A Thousand Questions by Saadia Faruqi

A Thousand Questions by Saadia Faruqi is a story that captures the ideas of belonging and imagination and poverty and richness, with a focus on economic disparity  With her novel, Faruqi also pays homage to Karachi, a city of her own childhood, as she attempts to help readers better understand Pakistan.

To fulfill this objective, Faruqi creates eleven-year-old Mimi, whose father, Tom Scotts, is a journalist who travels a lot for his job. Her mother, Samia, is an art teacher and painter.  Because the couple has grown apart and decide to separate, Mimi, who is about to enter sixth grade in Houston, feels abandoned and incomplete. When her mother decides a trip to Pakistan is in order so that Mimi can get to know her grandparents, Mimi is prepared to despise the Land of the Pure. Initially, it is pure dust, haze, and heat, but gradually, her negative attitude melts.  With the help of Sakina Ejaz, a servant girl in her “pretentious” grandparents’ home, Mimi begins to see beauty in this unfamiliar place.

In Pakistan, Mimi’s eyes literally pop: “It’s all so strange, but also weirdly cool and bright, an explosion of color so sharp it reaches inside me and draws out a little sigh” (6).  To capture all of the newness, Mimi records her thoughts in a journal, creating entries in the form of letters to her absent father: “I know it’s silly to write to a father who left me, who doesn’t ever call or visit me. There’s not even a small chance that he’ll ever read the journal, but maybe that’s why I like writing in it. I can say whatever is in my heart, ask a thousand questions, without any fear of being laughed at” (61).

With Sakina as her tour guide, Mimi experiences rickshaw and camel rides, visibts Clifton Beach and the mausoleum of Quaid-e-Azam, thefounder of Pakistan. Sakina introduces her to pomegranate juice, mangoes, and a variety of ethnic cuisine: roti, bun kabab, naan, biryani, and tikka boti—a dish Abba prepares using a grilling technique that involves using a hot coal put into a pot of meat when it is almost cooked. “The taste of the grill without the hassle” (101), he says.

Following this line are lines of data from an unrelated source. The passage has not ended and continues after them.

lemma extension_taylor:
  "norm (extension t - extension \<tau> - (t - \<tau>) *\<^sub>R tangent (clamp 0 1 \<tau>)) \<le> 36 * b * L\<^sup>2 * (t - \<tau>)\<^sup>2"
proof -
  define s \<sigma> where "s = clamp 0 1 t" and "\<sigma> = clamp 0 1 \<tau>"
  have in01: "s \<in> {0..1}" "\<sigma> \<in> {0..1}" by (simp_all add: s_def \<sigma>_def clamp_01)
  have close: "\<bar>s - \<sigma>\<bar> \<le> \<bar>t - \<tau>\<bar>" by (auto simp: s_def \<sigma>_def clamp_01)
  have "norm (g s - g \<sigma> - (s - \<sigma>) *\<^sub>R tangent \<sigma>) \<le> 12 * b * L\<^sup>2 * (s - \<sigma>)\<^sup>2"
    using tangent_taylor[OF in01(2,1)] .
  also have "\<dots> \<le> 12 * b * L\<^sup>2 * (t - \<tau>)\<^sup>2"
    using close b_nonneg by (intro mult_left_mono) (auto simp: abs_le_square_iff)
  finally have taylor: "norm (g s - g \<sigma> - (s - \<sigma>) *\<^sub>R tangent \<sigma>) \<le> 12 * b * L\<^sup>2 * (t - \<tau>)\<^sup>2" .
  have tangent: "norm ((t - s) *\<^sub>R (tangent s - tangent \<sigma>)) \<le> 24 * b * L\<^sup>2 * (t - \<tau>)\<^sup>2"
  proof (cases "s = \<sigma>")
    case False
    then have "\<bar>t - s\<bar> \<le> \<bar>t - \<tau>\<bar>" by (auto simp: s_def \<sigma>_def clamp_01)
    moreover have "norm (tangent s - tangent \<sigma>) \<le> 24 * b * L\<^sup>2 * \<bar>s - \<sigma>\<bar>"
      using lipschitz_on_normD[OF tangent_lipschitz in01] by simp
    moreover have "24 * b * L\<^sup>2 * \<bar>s - \<sigma>\<bar> \<le> 24 * b * L\<^sup>2 * \<bar>t - \<tau>\<bar>"
      using close b_nonneg by (intro mult_left_mono) auto
    ultimately have "\<bar>t - s\<bar> * norm (tangent s - tangent \<sigma>) \<le> \<bar>t - \<tau>\<bar> * (24 * b * L\<^sup>2 * \<bar>t - \<tau>\<bar>)"
      by (intro mult_mono) auto
    also have "\<dots> = 24 * b * L\<^sup>2 * \<bar>t - \<tau>\<bar>\<^sup>2" by (simp only: power2_eq_square mult_ac)
    finally show ?thesis by (simp only: norm_scaleR real_norm_def power2_abs)
  qed (use b_nonneg in simp)
  have "extension t - extension \<tau> - (t - \<tau>) *\<^sub>R tangent \<sigma>
      = (g s - g \<sigma> - (s - \<sigma>) *\<^sub>R tangent \<sigma>) + (t - s) *\<^sub>R (tangent s - tangent \<sigma>)"
    by (simp add: extension_def s_def \<sigma>_def algebra_simps)
  then have "norm (extension t - extension \<tau> - (t - \<tau>) *\<^sub>R tangent \<sigma>)
      \<le> norm (g s - g \<sigma> - (s - \<sigma>) *\<^sub>R tangent \<sigma>) + norm ((t - s) *\<^sub>R (tangent s - tangent \<sigma>))"
    by (metis norm_triangle_ineq)
  then show ?thesis using taylor tangent by (simp add: \<sigma>_def)
qed

lemma C1_extension:
  obtains G G' where "\<forall>t\<in>{0..1}. G t = g t" "\<forall>t. (G has_vector_derivative G' t) (at t)"
    "continuous_on UNIV G'" "\<forall>t\<in>{0..1}. norm (G' t - (g 1 - g 0)) \<le> 12 * b * L\<^sup>2"
proof
  show "\<forall>t\<in>{0..1}. extension t = g t" by (simp add: extension_def clamp_01)
  show "\<forall>t. (extension has_vector_derivative tangent (clamp 0 1 t)) (at t)"
    using extension_taylor by (blast intro: has_vector_derivative_if_quadratic_remainder)
  have "continuous_on (cbox 0 1) tangent"
    using lipschitz_on_continuous_on[OF tangent_lipschitz] by simp
  then show "continuous_on UNIV (\<lambda>t. tangent (clamp 0 1 t))" by (rule clamp_continuous_on)
  show "\<forall>t\<in>{0..1}. norm (tangent (clamp 0 1 t) - (g 1 - g 0)) \<le> 12 * b * L\<^sup>2"
    using tangent_near_chord by (simp add: clamp_01)
qed

lemma eps_path:
  assumes L: "L \<le> 2 * norm (g 1 - g 0)" and eps: "48 * b * norm (g 1 - g 0) \<le> eps"
    and "g ` {0..1} \<subseteq> C"
  shows "eps_path eps C (g 0) (g 1) g"
proof -
  obtain G G' where G: "\<forall>t\<in>{0..1}. G t = g t" "\<forall>t. (G has_vector_derivative G' t) (at t)"
    "continuous_on UNIV G'" "\<forall>t\<in>{0..1}. norm (G' t - (g 1 - g 0)) \<le> 12 * b * L\<^sup>2"
    using C1_extension by blast
  have "12 * b * L\<^sup>2 \<le> 12 * b * (2 * norm (g 1 - g 0))\<^sup>2"
    using L L_nonneg b_nonneg by (intro mult_left_mono power_mono) auto
  also have "\<dots> = (48 * b * norm (g 1 - g 0)) * norm (g 1 - g 0)"
    by (simp add: power2_eq_square)
  also have "\<dots> \<le> eps * norm (g 1 - g 0)"
    using eps by (intro mult_right_mono) auto
  finally have "\<forall>t\<in>{0..1}. norm (G' t - (g 1 - g 0)) \<le> eps * norm (g 1 - g 0)"
    using G(4) by (auto intro: order_trans)
  then show ?thesis
    unfolding eps_path_def using G(1-3) assms(3) by (intro conjI exI[of _ UNIV]) auto
qed

end

section \<open>Nearest-point projection onto a hypomonotone set\<close>

text \<open>The Lipschitz estimate for nearest-point projections: \<open>p\<close> and \<open>p'\<close> will be the
  projections of \<open>u\<close> and \<open>u'\<close>.\<close>

lemma dist_le_of_hypomonotone_normals:
  fixes u u' p p' :: "'a::real_inner"
  assumes hyp: "inner (u - p) (p' - p) \<le> \<rho> * norm (u - p) * (norm (p' - p))\<^sup>2"
      "inner (u' - p') (p - p') \<le> \<rho> * norm (u' - p') * (norm (p - p'))\<^sup>2"
    and \<eta>: "norm (u - p) \<le> \<eta>" "norm (u' - p') \<le> \<eta>" and "\<rho> \<ge> 0" and small: "2 * \<rho> * \<eta> < 1"
  shows "norm (p - p') \<le> norm (u - u') / (1 - 2 * \<rho> * \<eta>)"
proof -
  define N where "N = (norm (p' - p))\<^sup>2"
  have "inner (u - p) (p' - p) \<le> \<rho> * \<eta> * N"
    using hyp(1) mult_right_mono[OF mult_left_mono[OF \<eta>(1) \<open>\<rho> \<ge> 0\<close>], of N]
    by (simp add: N_def)
  moreover have "inner (u' - p') (p - p') \<le> \<rho> * \<eta> * N"
    using hyp(2) mult_right_mono[OF mult_left_mono[OF \<eta>(2) \<open>\<rho> \<ge> 0\<close>], of N]
    by (simp add: N_def norm_minus_commute)
  moreover have "inner (u - p) (p' - p) + inner (u' - p') (p - p') = N - inner (u' - u) (p' - p)"
    unfolding N_def power2_norm_eq_inner by (simp add: algebra_simps)
  moreover have "inner (u' - u) (p' - p) \<le> norm (u - u') * norm (p' - p)"
    using norm_cauchy_schwarz[of "u' - u" "p' - p"] by (simp add: norm_minus_commute)
  ultimately have "N \<le> \<rho> * \<eta> * N + \<rho> * \<eta> * N + norm (u - u') * norm (p' - p)"
    by linarith
  then have "(1 - 2 * \<rho> * \<eta>) * N \<le> norm (u - u') * norm (p' - p)"
    by (simp add: algebra_simps)
  then have "(1 - 2 * \<rho> * \<eta>) * norm (p' - p) \<le> norm (u - u')"
    by (cases "p' = p") (auto simp: N_def power2_eq_square mult_le_cancel_right mult.assoc)
  then show ?thesis
    using small by (simp add: pos_le_divide_eq mult.commute norm_minus_commute)
qed

locale hypomonotone_near =
  fixes C :: "'a::euclidean_space set" and xb :: 'a and R \<rho> :: real
  assumes R_pos: "R > 0" and \<rho>_pos: "\<rho> > 0" and xb_in_C: "xb \<in> C"
    and closed_near: "closed (C \<inter> cball xb R)"
    and hypomonotone: "\<And>x y v. x \<in> C \<inter> ball xb R \<Longrightarrow> y \<in> C \<inter> ball xb R \<Longrightarrow>
      v \<in> reg_normal_cone C x \<Longrightarrow> inner v (y - x) \<le> \<rho> * norm v * (norm (y - x))\<^sup>2"

text \<open>Prox-regularity at the normal \<open>0\<close> controls all small limiting normals near \<open>xb\<close>;
  rescaling a regular normal into that range produces the factor \<open>norm v\<close>.\<close>

lemma prox_regular_at_imp_hypomonotone_near:
  fixes C :: "'a::euclidean_space set"
  assumes "xb \<in> C" "prox_regular_at C xb"
  obtains R \<rho> where "hypomonotone_near C xb R \<rho>"
proof -
  obtain r where "r > 0" and r: "closed (C \<inter> cball xb r)"
    using assms(2) unfolding prox_regular_at_def locally_closed_at_def by auto
  have "0 \<in> normal_cone C xb"
    using reg_normal_cone_zero[OF assms(1)] reg_normal_cone_subset_normal_cone by blast
  with assms(2) obtain e \<rho> where "e > 0" "\<rho> > 0" and small_normals:
    "\<And>x y v. x \<in> C \<inter> ball xb e \<Longrightarrow> y \<in> C \<inter> ball xb e \<Longrightarrow> v \<in> normal_cone C x \<inter> ball 0 e \<Longrightarrow>
       inner v (y - x) \<le> \<rho> * (norm (y - x))\<^sup>2"
    unfolding prox_regular_at_def by blast
  define R where "R = min e r"
  have "inner v (y - x) \<le> 2 * \<rho> / e * norm v * (norm (y - x))\<^sup>2"
    if x: "x \<in> C \<inter> ball xb R" and y: "y \<in> C \<inter> ball xb R" and v: "v \<in> reg_normal_cone C x"
    for x y v
  proof (cases "v = 0")
    case False
    define c where "c = e / (2 * norm v)"
    have "c > 0" using False \<open>e > 0\<close> by (simp add: c_def)
    have "c *\<^sub>R v \<in> normal_cone C x \<inter> ball 0 e"
      using reg_normal_cone_subset_normal_cone reg_normal_cone_scaleR[OF v \<open>c > 0\<close>] False \<open>e > 0\<close>
      by (auto simp: c_def)
    moreover have "x \<in> C \<inter> ball xb e" "y \<in> C \<inter> ball xb e" using x y by (auto simp: R_def)
    ultimately have "c * inner v (y - x) \<le> \<rho> * (norm (y - x))\<^sup>2"
      using small_normals by fastforce
    then show ?thesis
      using \<open>c > 0\<close> False \<open>e > 0\<close> by (simp add: c_def field_simps)
  qed simp
  moreover have "C \<inter> cball xb R = (C \<inter> cball xb r) \<inter> cball xb R"
    by (auto simp: R_def)
  then have "closed (C \<inter> cball xb R)"
    using closed_Int[OF r closed_cball] by metis
  ultimately have "hypomonotone_near C xb R (2 * \<rho> / e)"
    using \<open>e > 0\<close> \<open>r > 0\<close> \<open>\<rho> > 0\<close> assms(1) by unfold_locales (auto simp: R_def)
  then show ?thesis by (rule that)
qed

context hypomonotone_near
begin

definition K :: "'a set" where "K = C \<inter> cball xb R"

lemma K_subset_C: "K \<subseteq> C"
  by (auto simp: K_def)

lemma xb_in_K: "xb \<in> K"
  using xb_in_C R_pos by (simp add: K_def)

lemma compact_K: "compact K"
  using closed_near by (simp add: K_def compact_eq_bounded_closed bounded_Int)

lemma ball_subset_K: "C \<inter> ball xb R \<subseteq> K"
  by (auto simp: K_def)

Readers get other cultural lessons in the discussion of Eid gifts, calls to prayer (azaan), political practices, and garments worn: dupatta, shalwar, and kameez. From Sakina’s abba, we learn that the poor are made silent by their troubles and that it is futile to get angry about things we cannot change.

Still, as the two young protagonists exchange experiences and share time together, readers realize that impossible and unbelievable things can happen. Faruqi further enlightens readers with a creative metaphor using chess and with another definition of freedom and. Freedom, Nani agrees, is often beyond the reach of the poor. “Money gives you freedom in some ways, but to be truly free, you need other things. Good friends. Family. Yor children around you” (254). Just as chess is a game of strategy and patience—something servants have little time for. Sakina explains, “We spend our days putting out fires, answering others’ beck and call, and generally running around worrying how things will get done. Who has toime for a long, drawn-out chess match, where the goal is to protect the queen and sacrifice the pawn? It seems too close to real life to be any fun” (108).